PROBLEM DESCRIPTION: Once the line with "(V // connected_rel" is found in the entries below, print it and each following line exactly, stopping after the line with "text \<open>Complex unit"; print nothing else.

MATERIAL SHOWN:

(* Let $(C_q,\varphi)$ be a complex unit gain cycle of length $q\ge 3$. Then $r(C_q,\varphi)=2q-2c(C_q)-2\alpha(C_q)$ if and only if either $q$ is even and $\varphi(C_q)=(-1)^{q/2}$, or $q$ is odd and $\mathrm{Re}\big((-1)^{(q-1)/2}\varphi(C_q)\big)=0$.
   Context: A complex unit gain graph $(G,\varphi)$ is a simple finite graph $G$ with a gain function $\varphi$ assigning to each oriented edge $e_{ij}$ a complex number of modulus $1$ with $\varphi(e_{ji})=\overline{\varphi(e_{ij})}$; its adjacency matrix has $(i,j)$-entry $\varphi(e_{ij})$ for adjacent $v_i,v_j$ and $0$ otherwise, and $r(G,\varphi)$ is its rank. $\alpha$ is the independence number and $c(G)=|E(G)|-|V(G)|+\omega(G)$ the cyclomatic number ($\omega$ = number of components). For a cycle $C_q=u_1\cdots u_qu_1$, $\varphi(C_q)=\varphi(e_{u_1u_2})\cdots\varphi(e_{u_{q-1}u_q})\varphi(e_{u_qu_1})$. *)

theory Defs
  imports Complex_Main "Jordan_Normal_Form.DL_Rank"
begin

definition simple_graph :: "'a set \<Rightarrow> ('a \<Rightarrow> 'a \<Rightarrow> bool) \<Rightarrow> bool" where
  "simple_graph V E \<longleftrightarrow> finite V \<and> (\<forall>x y. E x y \<longrightarrow> x \<in> V \<and> y \<in> V \<and> x \<noteq> y \<and> E y x)"

definition edge_set :: "'a set \<Rightarrow> ('a \<Rightarrow> 'a \<Rightarrow> bool) \<Rightarrow> 'a set set" where
  "edge_set V E = {{x, y} | x y. x \<in> V \<and> y \<in> V \<and> E x y}"

definition connected_rel :: "'a set \<Rightarrow> ('a \<Rightarrow> 'a \<Rightarrow> bool) \<Rightarrow> ('a \<times> 'a) set" where
  "connected_rel V E = {(x, y). x \<in> V \<and> y \<in> V \<and> (\<lambda>a b. a \<in> V \<and> b \<in> V \<and> E a b)\<^sup>*\<^sup>* x y}"

definition num_components :: "'a set \<Rightarrow> ('a \<Rightarrow> 'a \<Rightarrow> bool) \<Rightarrow> nat" where
  "num_components V E = card (V // connected_rel V E)"

definition cyclomatic_number :: "'a set \<Rightarrow> ('a \<Rightarrow> 'a \<Rightarrow> bool) \<Rightarrow> int" where
  "cyclomatic_number V E = int (card (edge_set V E)) - int (card V) + int (num_components V E)"

definition independent_set :: "'a set \<Rightarrow> ('a \<Rightarrow> 'a \<Rightarrow> bool) \<Rightarrow> 'a set \<Rightarrow> bool" where
  "independent_set V E S \<longleftrightarrow> S \<subseteq> V \<and> (\<forall>x\<in>S. \<forall>y\<in>S. \<not> E x y)"

definition independence_number :: "'a set \<Rightarrow> ('a \<Rightarrow> 'a \<Rightarrow> bool) \<Rightarrow> nat" where
  "independence_number V E = Max (card ` {S. independent_set V E S})"

text \<open>Complex unit gain function: phi x y is the gain of the oriented edge from x to y.\<close>
definition gain_function :: "'a set \<Rightarrow> ('a \<Rightarrow> 'a \<Rightarrow> bool) \<Rightarrow> ('a \<Rightarrow> 'a \<Rightarrow> complex) \<Rightarrow> bool" where
  "gain_function V E \<phi> \<longleftrightarrow> (\<forall>x y. E x y \<longrightarrow> norm (\<phi> x y) = 1 \<and> \<phi> y x = cnj (\<phi> x y))"

definition gain_adj_matrix :: "nat \<Rightarrow> (nat \<Rightarrow> nat \<Rightarrow> bool) \<Rightarrow> (nat \<Rightarrow> nat \<Rightarrow> complex) \<Rightarrow> complex mat" where
  "gain_adj_matrix n E \<phi> = mat n n (\<lambda>(i, j). if E i j then \<phi> i j else 0)"

definition gain_rank :: "nat \<Rightarrow> (nat \<Rightarrow> nat \<Rightarrow> bool) \<Rightarrow> (nat \<Rightarrow> nat \<Rightarrow> complex) \<Rightarrow> nat" where
  "gain_rank n E \<phi> = vec_space.rank n (gain_adj_matrix n E \<phi>)"

definition cycle_adj :: "nat \<Rightarrow> nat \<Rightarrow> nat \<Rightarrow> bool" where
  "cycle_adj q i j \<longleftrightarrow> i < q \<and> j < q \<and> (j = Suc i mod q \<or> i = Suc j mod q)"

RESPONSE:
  "num_components V E = card (V // connected_rel V E)"

definition cyclomatic_number :: "'a set \<Rightarrow> ('a \<Rightarrow> 'a \<Rightarrow> bool) \<Rightarrow> int" where
  "cyclomatic_number V E = int (card (edge_set V E)) - int (card V) + int (num_components V E)"

definition independent_set :: "'a set \<Rightarrow> ('a \<Rightarrow> 'a \<Rightarrow> bool) \<Rightarrow> 'a set \<Rightarrow> bool" where
  "independent_set V E S \<longleftrightarrow> S \<subseteq> V \<and> (\<forall>x\<in>S. \<forall>y\<in>S. \<not> E x y)"

definition independence_number :: "'a set \<Rightarrow> ('a \<Rightarrow> 'a \<Rightarrow> bool) \<Rightarrow> nat" where
  "independence_number V E = Max (card ` {S. independent_set V E S})"

text \<open>Complex unit gain function: phi x y is the gain of the oriented edge from x to y.\<close>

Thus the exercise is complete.